UNITED NATIONS—Armed men ambushed and killed seven UN peacekeepers trying to protect villagers in Ivory Coast and more than 40 of their colleagues who stayed to guard from more attacks remain in danger, the United Nations said.
Hundreds of villagers were fleeing the area near the Liberian border, and UN officials said Friday others may have been killed or injured. Authorities have been unable to confirm any additional casualties because of the remoteness of the area near the Liberian border.
UN Secretary-General Ban Ki-moon condemned the attack “in the strongest possible terms,” saying he was “saddened and outraged” about the deaths of the peacekeepers, all from Niger. He urged the government of Ivory Coast to identify the perpetrators and bring them to justice.

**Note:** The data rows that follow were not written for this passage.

lemma profile_fun_tangent_bound:
  assumes p: "profile m I w a" and m: "0 < m" "m \<noteq> 1" and \<sigma>: "0 \<le> \<sigma> * ((m - 2) * (m - 3))"
    and k: "0 \<le> k" "k \<le> 1" and c: "0 \<le> c" "c \<le> 1" and norm: "sum w I * even_pow m c = 2"
  shows "\<sigma> * (m - 1) * (profile_fun m I w a k - sum w I * even_pow m (k * c) / 2) \<le> 0"
proof (cases "c = 0 \<or> c = 1")
  case True
  txt \<open>No tangent is available at an endpoint, but there the normalisation puts all weight on bias c.\<close>
  have "w i * even_pow m (k * a i) = w i * even_pow m (k * c)" if "i \<in> I" for i
    using profile_concentrated[OF p m True norm that] by (cases "w i = 0") auto
  then have "(\<Sum>i\<in>I. w i * even_pow m (k * a i)) = sum w I * even_pow m (k * c)"
    unfolding sum_distrib_right by (rule sum.cong[OF refl])
  then show ?thesis unfolding profile_fun_def by simp
next
  case False
  then have c01: "0 < c" "c < 1" using c by auto
  have I: "finite I" "\<And>i. i \<in> I \<Longrightarrow> 0 \<le> w i \<and> 0 \<le> a i \<and> a i \<le> 1"
    and sum_E: "(\<Sum>i\<in>I. w i * even_pow m (a i)) = 2"
    using p unfolding profile_def by auto
  define \<rho> where "\<rho> = odd_pow_ratio (m - 1) k c"
  let ?t = "\<lambda>i. \<sigma> * (m - 1) * (even_pow m (k * a i) - even_pow m (k * c) - \<rho> * (even_pow m (a i) - even_pow m c))"
  have "(\<Sum>i\<in>I. w i * ?t i) \<le> 0"
  proof (rule sum_nonpos)
    fix i assume "i \<in> I"
    then show "w i * ?t i \<le> 0"
      using I(2)[of i] even_pow_tangent[OF m \<sigma> k c01] unfolding \<rho>_def by (simp add: mult_nonneg_nonpos)
  qed
  moreover have "(\<Sum>i\<in>I. w i * ?t i) = \<sigma> * (m - 1) * ((\<Sum>i\<in>I. w i * even_pow m (k * a i))
      - sum w I * even_pow m (k * c) - \<rho> * ((\<Sum>i\<in>I. w i * even_pow m (a i)) - sum w I * even_pow m c))"
    using I(1) by (induct I rule: finite_induct) (simp_all add: algebra_simps)
  ultimately have "\<sigma> * (m - 1) * ((\<Sum>i\<in>I. w i * even_pow m (k * a i)) - sum w I * even_pow m (k * c)) \<le> 0"
    using sum_E norm by simp
  then show ?thesis unfolding profile_fun_def by (simp add: field_simps)
qed

lemma profile_fun_le_constant_bias:
  assumes p: "profile m I w a" and q: "profile m J v b" and b: "\<And>j. j \<in> J \<Longrightarrow> b j = c"
    and S: "sum w I = sum v J"
    and m: "0 < m" "m \<noteq> 1" and \<sigma>: "0 \<le> \<sigma> * ((m - 2) * (m - 3))" and k: "0 \<le> k" "k \<le> 1"
  shows "\<sigma> * (m - 1) * (profile_fun m I w a k - profile_fun m J v b k) \<le> 0"
proof -
  have J: "\<And>j. j \<in> J \<Longrightarrow> 0 \<le> b j \<and> b j \<le> 1" and sum_E: "(\<Sum>j\<in>J. v j * even_pow m (b j)) = 2"
    using q unfolding profile_def by auto
  then obtain j where "j \<in> J" by fastforce
  then have c: "0 \<le> c" "c \<le> 1" using J b by force+
  have "(\<Sum>j\<in>J. v j * even_pow m (b j)) = sum v J * even_pow m c"
    using b by (simp add: sum_distrib_right)
  then have norm: "sum w I * even_pow m c = 2" using sum_E S by simp
  have GJ: "profile_fun m J v b k = sum w I * even_pow m (k * c) / 2"
    unfolding profile_fun_def S using b by (simp add: sum_distrib_right)
  show ?thesis unfolding GJ by (rule profile_fun_tangent_bound[OF p m \<sigma> k c norm])
qed

lemma profile_fun_binary_bias:
  assumes q: "profile m J v b" and b: "\<And>j. j \<in> J \<Longrightarrow> b j = 0 \<or> b j = 1" and m: "0 < m" "m \<noteq> 1"
  shows "profile_fun m J v b k = sum v J + (1 - sum v J) * (even_pow m k - 2) / (even_pow m 1 - 2)"
proof -
  have lin: "(\<Sum>j\<in>J. v j * even_pow m (x * b j)) = 2 * sum v J + (even_pow m x - 2) * (\<Sum>j\<in>J. v j * b j)"
    for x
  proof -
    have "v j * even_pow m (x * b j) = 2 * v j + (even_pow m x - 2) * (v j * b j)" if "j \<in> J" for j
      using b[OF that] by (auto simp: algebra_simps)
    then show ?thesis by (simp add: sum.distrib sum_distrib_left)
  qed
  have "2 = 2 * sum v J + (even_pow m 1 - 2) * (\<Sum>j\<in>J. v j * b j)"
    using q lin[of 1] unfolding profile_def by simp
  moreover have "even_pow m 1 - 2 \<noteq> 0" using even_pow_one_sign[OF m] by auto
  ultimately have "(\<Sum>j\<in>J. v j * b j) = 2 * (1 - sum v J) / (even_pow m 1 - 2)"
    by (simp add: field_simps)
  then show ?thesis unfolding profile_fun_def lin by (simp add: field_simps)
qed

lemma profile_fun_chord_bound:
  assumes p: "profile m I w a" and m: "0 < m" "m \<noteq> 1" and \<sigma>: "0 \<le> \<sigma> * ((m - 2) * (m - 3))"
    and k: "0 \<le> k" "k \<le> 1"
  shows "0 \<le> \<sigma> * ((profile_fun m I w a k - sum w I) * (even_pow m 1 - 2) - (even_pow m k - 2) * (1 - sum w I))"
proof -
  have I: "finite I" "\<And>i. i \<in> I \<Longrightarrow> 0 \<le> w i \<and> 0 \<le> a i \<and> a i \<le> 1"
    and sum_E: "(\<Sum>i\<in>I. w i * even_pow m (a i)) = 2"
    using p unfolding profile_def by auto
  let ?t = "\<lambda>i. \<sigma> * ((even_pow m (k * a i) - 2) * (even_pow m 1 - 2) - (even_pow m k - 2) * (even_pow m (a i) - 2))"
  have "0 \<le> (\<Sum>i\<in>I. w i * ?t i)"
    using I(2) even_pow_chord[OF m \<sigma> k] by (intro sum_nonneg) simp
  also have "(\<Sum>i\<in>I. w i * ?t i) = \<sigma> * (((\<Sum>i\<in>I. w i * even_pow m (k * a i)) - 2 * sum w I) * (even_pow m 1 - 2)
      - (even_pow m k - 2) * ((\<Sum>i\<in>I. w i * even_pow m (a i)) - 2 * sum w I))"
    using I(1) by (induct I rule: finite_induct) (simp_all add: algebra_simps)
  finally show ?thesis using sum_E unfolding profile_fun_def by (simp add: field_simps)
qed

Later on Friday, the UN Security Council released a press statement condemning the attack.
Ivory Coast’s deputy defense minister Paul Koffi Koffi said government forces, along with Liberian and UN forces, will launch an operation on June 15 to find the men responsible. He said they were “militia men or mercenaries.”
Koffi Koffi said they could not respond sooner because it would take time to gather equipment and prepare the forces.
An Ivorian Cabinet official who was briefed on the matter said President Alasanne Ouattara requested helicopter gunships from the UN and expected them to arrive by Monday. The official spoke on condition of anonymity due to the sensitivity of the matter.
Bert Koenders, the UN envoy to the west African nation, said the peacekeepers were part of a patrol south of the town of Tai, an area the UN mission recently reinforced because of threats of attacks against the civilian population. The ambush involved a large group of armed men, a UN official said, speaking on condition of anonymity because he was not authorized to speak publicly.
“Their colleagues are still in danger,” Ban told reporters. “Even tonight, after the attack, more than 40 peacekeepers remain with the villagers in this remote region to protect them from this armed group.”
The mayor of Tai, Desire Gnonkonte, told AP that hundreds of villagers were fleeing the area.
“We are moving in reinforcements as soon as we have daylight,” said Kieran Dwyer, the spokesman for the UN peacekeeping department.
Josephine Guerrero, a spokeswoman for the UN’s Department of Peacekeeping Operations, said it was the biggest attack on peacekeepers in recent years.
Sylvie van den Wildenberg, acting spokeswoman for the UN mission in Ivory Coast, called it “the first attack of its kind” against UN peacekeepers in the country.
She said several vehicles were on a reconnaissance patrol near the village of Para on the southern axis of Tai to follow up on “rumors of movement of armed people in the area and threats on the security of civilians.”
“There were several vehicles on the patrol and the leading vehicles were strongly hit,” van den Wildenberg said. “The area is densely forested and very tough terrain.”
Once a stable nation, the world’s largest cocoa producer was split into a rebel-controlled north and government-controlled south after an attempted coup sparked civil war in 2002. A peace deal in March 2007 brought key rebel leaders into the administration and offered hope for a single government after years of foundering accords and disarmament plans.
But the country headed to the brink of civil war after a presidential runoff in early 2011 when then-president Laurent Gbagbo refused to concede defeat after losing to Ouattara, the internationally recognized winner of the election. Gbagbo was arrested with the help of UN and French forces in April 2011, and is now facing charges of war crimes at The Hague. Ouattara was sworn in as president soon after.
Following Gbagbo’s arrest, many of the mercenaries and militiamen who fought for him fled across the porous border into Liberia’s forests, or clandestinely, into its refugee camps.
Western Ivory Coast has remained particularly unstable, and Human Rights Watch said earlier this week that armed groups in Liberia who supported Gbagbo have killed at least 40 civilians in cross-border raids into Ivory Coast since July. The deaths have all been near Tai, Human Rights Watch said.
“In the four cross-border attacks since June 2011, the motivation appears to have been both political vengeance and related to land conflict – issues that overlap in Ivory Coast’s volatile west. Those killed or whose houses were burned predominantly belong to ethnic groups that largely voted for president Ouattara,” the group said in its report.
Matt Wells, West Africa researcher at Human Rights Watch, told AP that the organization hasn’t confirmed details of the attack but “pro-Gbagbo militants have conducted repeated raids from Liberia into this region of Ivory Coast.”
“The Gbagbo camp often resorted to inciting rhetoric against U.N. personnel during the Ivorian crisis, though today’s deadly attack is the first of its kind during the recent Ivorian crisis,” Wells said
“Liberian and Ivorian authorities need to quickly work together to bring to account those involved in this heinous act,” he said.
The United Nations has had a peacekeeping mission in Ivory Coast since 2004.
At the end of April, the UN said there were about 9,400 peacekeeping troops, 200 military observers and 1,350 international police in the mission along with civilian staff. Over 40 countries are contributing military personnel.
Koenders said the UN mission “will take all necessary measures following this grave violation of international law.”